2.6 Pendekatan Untuk Menganalisis Keluarga 1) Pendekatan Peranan

  Keluarga sebagai sistem peran merupakan gambaran yang mengandung harapan, kebudayaan terhadap tingkah laku dalam keluarga merupakan tempat dimana peranan tersebut dipelajari dan diterapkan.

  2) Pendekatan Sebab-Akibat

  Menurut Nimkof, keluarga dapat dipandang sebagai:  Keluarga sebagai variabel terikat : keluarga merupakan tujuan terhadap harapan, tuntutan dan keinginan dari sistem sosial yang lebih besar.

   Keluarga sebagai variabel bebas : keluarga merupakan pendukung kekuatan potensial bagi suatu generasi sebagai gambaran alternatif di masa yang akan datang.

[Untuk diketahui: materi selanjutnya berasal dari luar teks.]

lemma minimax_with_local_max:
  assumes "minimax_with X Y f xb yb \<tau>" "xb \<in> X"
  obtains \<delta>0 where "\<delta>0 > 0" "\<forall>y\<in>Y \<inter> cball yb \<delta>0. f xb y \<le> f xb yb"
proof -
  obtain \<delta>0 where "\<delta>0 > 0" and minimax: "\<forall>\<delta>. 0 < \<delta> \<and> \<delta> \<le> \<delta>0 \<longrightarrow> (\<forall>x\<in>X \<inter> cball xb \<delta>. \<forall>y\<in>Y \<inter> cball yb \<delta>.
      f xb y \<le> f xb yb \<and> f xb yb \<le> Sup (f x ` (Y \<inter> cball yb (\<tau> \<delta>))))"
    using assms(1) unfolding minimax_with_def by blast
  moreover have "\<forall>y\<in>Y \<inter> cball yb \<delta>0. f xb y \<le> f xb yb"
    using minimax[rule_format, of \<delta>0 xb] \<open>\<delta>0 > 0\<close> assms(2) by simp
  with \<open>\<delta>0 > 0\<close> show thesis by (rule that)
qed

lemma second_order_condition_excludes_escaping_sequence:
  fixes f :: "'a::real_normed_vector \<Rightarrow> 'b::euclidean_space \<Rightarrow> real"
  assumes ts: "twice_semidifferentiable (\<lambda>p. f (fst p) (snd p)) (xb, yb)"
    and sep: "separation_property f xb yb"
    and second_order: "\<forall>h \<in> tangent_cone Y yb - {0}. dy_f f xb yb h = 0 \<longrightarrow>
           (\<bar>second_subderiv_ind X xb (dx_f f xb yb) 0\<bar> \<noteq> \<infinity> \<or>
            \<bar>second_subderiv_ind Y yb (dy_f f xb yb) h\<bar> \<noteq> \<infinity>) \<and>
           dyy_f f xb yb h - second_subderiv_ind X xb (dx_f f xb yb) 0
             - second_subderiv_ind Y yb (dy_f f xb yb) h < 0"
    and local_max: "\<delta>0 > 0" "\<forall>y\<in>Y \<inter> cball yb \<delta>0. f xb y \<le> f xb yb"
    and x: "\<forall>n. x n \<in> X" and y: "\<forall>n. y n \<in> Y" "\<forall>n. y n \<noteq> yb"
    and ascent: "\<forall>n. f xb yb \<le> f (x n) (y n)"
    and y_lim: "y \<longlonglongrightarrow> yb" and ratio: "(\<lambda>n. norm (x n - xb) / norm (y n - yb)) \<longlonglongrightarrow> 0"
  shows False
proof -
  obtain r t u h l where r: "strict_mono r" and tuh: "\<forall>k. t k > 0" "t \<longlonglongrightarrow> 0" "u \<longlonglongrightarrow> 0" "h \<longlonglongrightarrow> l" "l \<noteq> 0"
    and xr: "\<forall>k. xb + t k *\<^sub>R u k = x (r k)" and yr: "\<forall>k. yb + t k *\<^sub>R h k = y (r k)"
    using rescaled_subsequence[OF y(2) y_lim ratio] by blast
  have "eventually (\<lambda>k. dist (y (r k)) yb < \<delta>0) sequentially"
    using LIMSEQ_subseq_LIMSEQ[OF y_lim r] local_max(1) unfolding tendsto_iff o_def by blast
  then have "eventually (\<lambda>k. f xb (yb + t k *\<^sub>R h k) \<le> f xb yb) sequentially"
    by eventually_elim (use y(1) yr local_max(2) in \<open>auto simp: dist_commute\<close>)
  then show False
    using second_order_condition_excludes_ascent[OF ts sep second_order tuh] xr yr x y(1) ascent
    by auto
qed

lemma local_minimax_linear_radius:
  fixes f :: "'a::real_normed_vector \<Rightarrow> 'b::euclidean_space \<Rightarrow> real"
  assumes standing: "\<forall>x\<in>X. \<forall>y0\<in>Y. \<forall>\<epsilon>\<ge>0. \<exists>y\<in>Y \<inter> cball y0 \<epsilon>. \<forall>y'\<in>Y \<inter> cball y0 \<epsilon>. f x y' \<le> f x y"
    and lm: "local_minimax X Y f xb yb"
    and ts: "twice_semidifferentiable (\<lambda>p. f (fst p) (snd p)) (xb, yb)"
    and sep: "separation_property f xb yb"
    and second_order: "\<forall>h \<in> tangent_cone Y yb - {0}. dy_f f xb yb h = 0 \<longrightarrow>
           (\<bar>second_subderiv_ind X xb (dx_f f xb yb) 0\<bar> \<noteq> \<infinity> \<or>
            \<bar>second_subderiv_ind Y yb (dy_f f xb yb) h\<bar> \<noteq> \<infinity>) \<and>
           dyy_f f xb yb h - second_subderiv_ind X xb (dx_f f xb yb) 0
             - second_subderiv_ind Y yb (dy_f f xb yb) h < 0"
  shows "\<exists>\<kappa>>0. \<exists>\<delta>1>0. \<forall>\<delta> x. 0 < \<delta> \<and> \<delta> \<le> \<delta>1 \<and> x \<in> X \<inter> cball xb \<delta> \<longrightarrow>
           f xb yb \<le> Sup (f x ` (Y \<inter> cball yb (\<kappa> * \<delta>)))"
proof (rule ccontr)
  assume "\<not> ?thesis"
  then have no_linear: "\<forall>\<kappa>>0. \<forall>\<delta>1>0. \<exists>\<delta> x. 0 < \<delta> \<and> \<delta> \<le> \<delta>1 \<and> x \<in> X \<inter> cball xb \<delta> \<and>
      Sup (f x ` (Y \<inter> cball yb (\<kappa> * \<delta>))) < f xb yb"
    by (auto simp: not_le)
  obtain \<tau> where xb: "xb \<in> X" and yb: "yb \<in> Y" and minimax: "minimax_with X Y f xb yb \<tau>"
    using lm unfolding local_minimax_def by blast
  obtain \<delta>0 where "\<delta>0 > 0" "\<forall>y\<in>Y \<inter> cball yb \<delta>0. f xb y \<le> f xb yb"
    using minimax_with_local_max[OF minimax xb] by blast
  moreover obtain x y where "\<forall>n. x n \<in> X" "\<forall>n. y n \<in> Y" "\<forall>n. y n \<noteq> yb"
    "\<forall>n. f xb yb \<le> f (x n) (y n)" "y \<longlonglongrightarrow> yb" "(\<lambda>n. norm (x n - xb) / norm (y n - yb)) \<longlonglongrightarrow> 0"
    by (rule escaping_sequence_of_no_linear_radius[OF standing minimax yb no_linear])
  ultimately show False
    by (rule second_order_condition_excludes_escaping_sequence[OF ts sep second_order])
qed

  3) Keluarga Sebagai Sistem Evolusi

a. Trustee Family

  Suatu bentuk keluarga dimana anggota-anggota keluarga merupakan orang-orang yang dipercaya atas nama keluarga. Jadi, yang disebut dan diakui sebagai anggota suatu keluarga adalah orang-orang yang mendapat kepercayaan yang sudah dianggap dan dipercaya sebagai keluarga sendiri. Anggota keluarga diberikan hak dan kewenangan penuh oleh keluarga untuk menentukan aktivitas sendiri. Dalam hal ini berlaku hak prerogratif (hak menentukan diri sendiri) bagi tiap-tiap anggota keluarga. Keluarga memberikan kebebasan kepada anggota keluarga untuk melakukan apa yang ingin dilakukan selama kebebasan tersebut dilakukan dengan tanggung jawab.

  b. Domestic Family

  Suatu bentuk keluarga antara, yang lambat laun menjadi “Trustee Family” yaitu suatu kondisi untuk mencapai keleluasaan pengawasan keluarga terhadap anggota-anggotanya. Dengan adanya kepercayaan, maka keluarga dapat dengan leluasa melakukan pengawasan terhadap apa saja yang dilakukan oleh anggota-anggota keluarganya.

  Keluarga membagi kekuasaan dan menciptakan konsep hak-hak individu agar dipelihara sehingga tidak bertentangan dengan kewenangan keluarga. Terjadi pembagian kekuasaan dan hak-hak yang disesuaikan sehingga diharapkan tidak terjadi pertentangan dengan kewenangan keluarga.